Stored data:
*-*-*
text \<open>A finitely generated free graded module (over P_n when the grade type is real^'n,
 over P_1 when the grade type is real) is given by a finite set of basis indices together
 with the grade of each basis element (a generator).  Its homogeneous component at grade t
 is the k-vector space with basis the elements x^(t - gr b) b for generators b with gr b <= t;
 we represent an element of this component by its coordinate function nat => 'k.  In these
 coordinates the structure maps F(s) -> F(t), s <= t (multiplication by x^(t-s)) are the
 inclusions.\<close>

record 'g free_mod =
  basis :: "nat set"
  grade :: "nat \<Rightarrow> 'g"

definition free_ok :: "('g::ord) free_mod \<Rightarrow> bool" where
  "free_ok F \<longleftrightarrow> finite (basis F)"

definition fcomp :: "('g::ord) free_mod \<Rightarrow> 'g \<Rightarrow> (nat \<Rightarrow> 'k::zero) set" where
  "fcomp F t = {v. \<forall>i. v i \<noteq> 0 \<longrightarrow> i \<in> basis F \<and> grade F i \<le> t}"

text \<open>Degree-t component of m F, where m is the ideal of P_n spanned by the monomials x^v, v \<noteq> 0:
 spanned by the x^(t - gr b) b with gr b <= t and gr b \<noteq> t.\<close>
definition mcomp :: "('g::ord) free_mod \<Rightarrow> 'g \<Rightarrow> (nat \<Rightarrow> 'k::zero) set" where
  "mcomp F t = {v. \<forall>i. v i \<noteq> 0 \<longrightarrow> i \<in> basis F \<and> grade F i \<le> t \<and> grade F i \<noteq> t}"

definition gen :: "nat \<Rightarrow> nat \<Rightarrow> 'k::{zero,one}" where
  "gen j = (\<lambda>i. if i = j then 1 else 0)"

text \<open>A graded (degree preserving) homomorphism F -> G of free modules is determined by a
 scalar matrix C: generator j of F is sent to sum_i C i j x^(gr j - gr i) (generator i of G),
 which requires C i j \<noteq> 0 only if gr i <= gr j.\<close>
definition is_fhom :: "('g::ord) free_mod \<Rightarrow> 'g free_mod \<Rightarrow> (nat \<Rightarrow> nat \<Rightarrow> 'k::zero) \<Rightarrow> bool" where
  "is_fhom F G C \<longleftrightarrow>
     (\<forall>i j. C i j \<noteq> 0 \<longrightarrow> i \<in> basis G \<and> j \<in> basis F \<and> grade G i \<le> grade F j)"

definition happ :: "('g::ord) free_mod \<Rightarrow> (nat \<Rightarrow> nat \<Rightarrow> 'k::comm_ring_1) \<Rightarrow> (nat \<Rightarrow> 'k) \<Rightarrow> (nat \<Rightarrow> 'k)" where
  "happ F C v = (\<lambda>i. \<Sum>j\<in>basis F. C i j * v j)"

definition hker :: "('g::ord) free_mod \<Rightarrow> (nat \<Rightarrow> nat \<Rightarrow> 'k::comm_ring_1) \<Rightarrow> 'g \<Rightarrow> (nat \<Rightarrow> 'k) set" where
  "hker F C t = {v \<in> fcomp F t. \<forall>i. happ F C v i = 0}"

definition himg :: "('g::ord) free_mod \<Rightarrow> (nat \<Rightarrow> nat \<Rightarrow> 'k::comm_ring_1) \<Rightarrow> 'g \<Rightarrow> (nat \<Rightarrow> 'k) set" where
  "himg F C t = happ F C ` fcomp F t"

definition min_free_res ::
  "(nat \<Rightarrow> ('g::ord) free_mod) \<Rightarrow> (nat \<Rightarrow> nat \<Rightarrow> nat \<Rightarrow> 'k::field) \<Rightarrow> bool" where
  "min_free_res F p \<longleftrightarrow>
     (\<forall>i. free_ok (F i)) \<and>
     (\<forall>i\<ge>1. is_fhom (F i) (F (i - 1)) (p i)) \<and>
     (\<forall>i\<ge>1. \<forall>t. hker (F i) (p i) t = himg (F (i + 1)) (p (i + 1)) t) \<and>
     (\<forall>i\<ge>1. \<forall>t. himg (F i) (p i) t \<subseteq> mcomp (F (i - 1)) t)"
*-*-*
Directions: Return word for word the lines above from the line with "t \<and> grade" to the line with "v = (\<lambda>i.", including both and leaving out all others.

Answer space:
  "mcomp F t = {v. \<forall>i. v i \<noteq> 0 \<longrightarrow> i \<in> basis F \<and> grade F i \<le> t \<and> grade F i \<noteq> t}"

definition gen :: "nat \<Rightarrow> nat \<Rightarrow> 'k::{zero,one}" where
  "gen j = (\<lambda>i. if i = j then 1 else 0)"

text \<open>A graded (degree preserving) homomorphism F -> G of free modules is determined by a
 scalar matrix C: generator j of F is sent to sum_i C i j x^(gr j - gr i) (generator i of G),
 which requires C i j \<noteq> 0 only if gr i <= gr j.\<close>
definition is_fhom :: "('g::ord) free_mod \<Rightarrow> 'g free_mod \<Rightarrow> (nat \<Rightarrow> nat \<Rightarrow> 'k::zero) \<Rightarrow> bool" where
  "is_fhom F G C \<longleftrightarrow>
     (\<forall>i j. C i j \<noteq> 0 \<longrightarrow> i \<in> basis G \<and> j \<in> basis F \<and> grade G i \<le> grade F j)"

definition happ :: "('g::ord) free_mod \<Rightarrow> (nat \<Rightarrow> nat \<Rightarrow> 'k::comm_ring_1) \<Rightarrow> (nat \<Rightarrow> 'k) \<Rightarrow> (nat \<Rightarrow> 'k)" where
  "happ F C v = (\<lambda>i. \<Sum>j\<in>basis F. C i j * v j)"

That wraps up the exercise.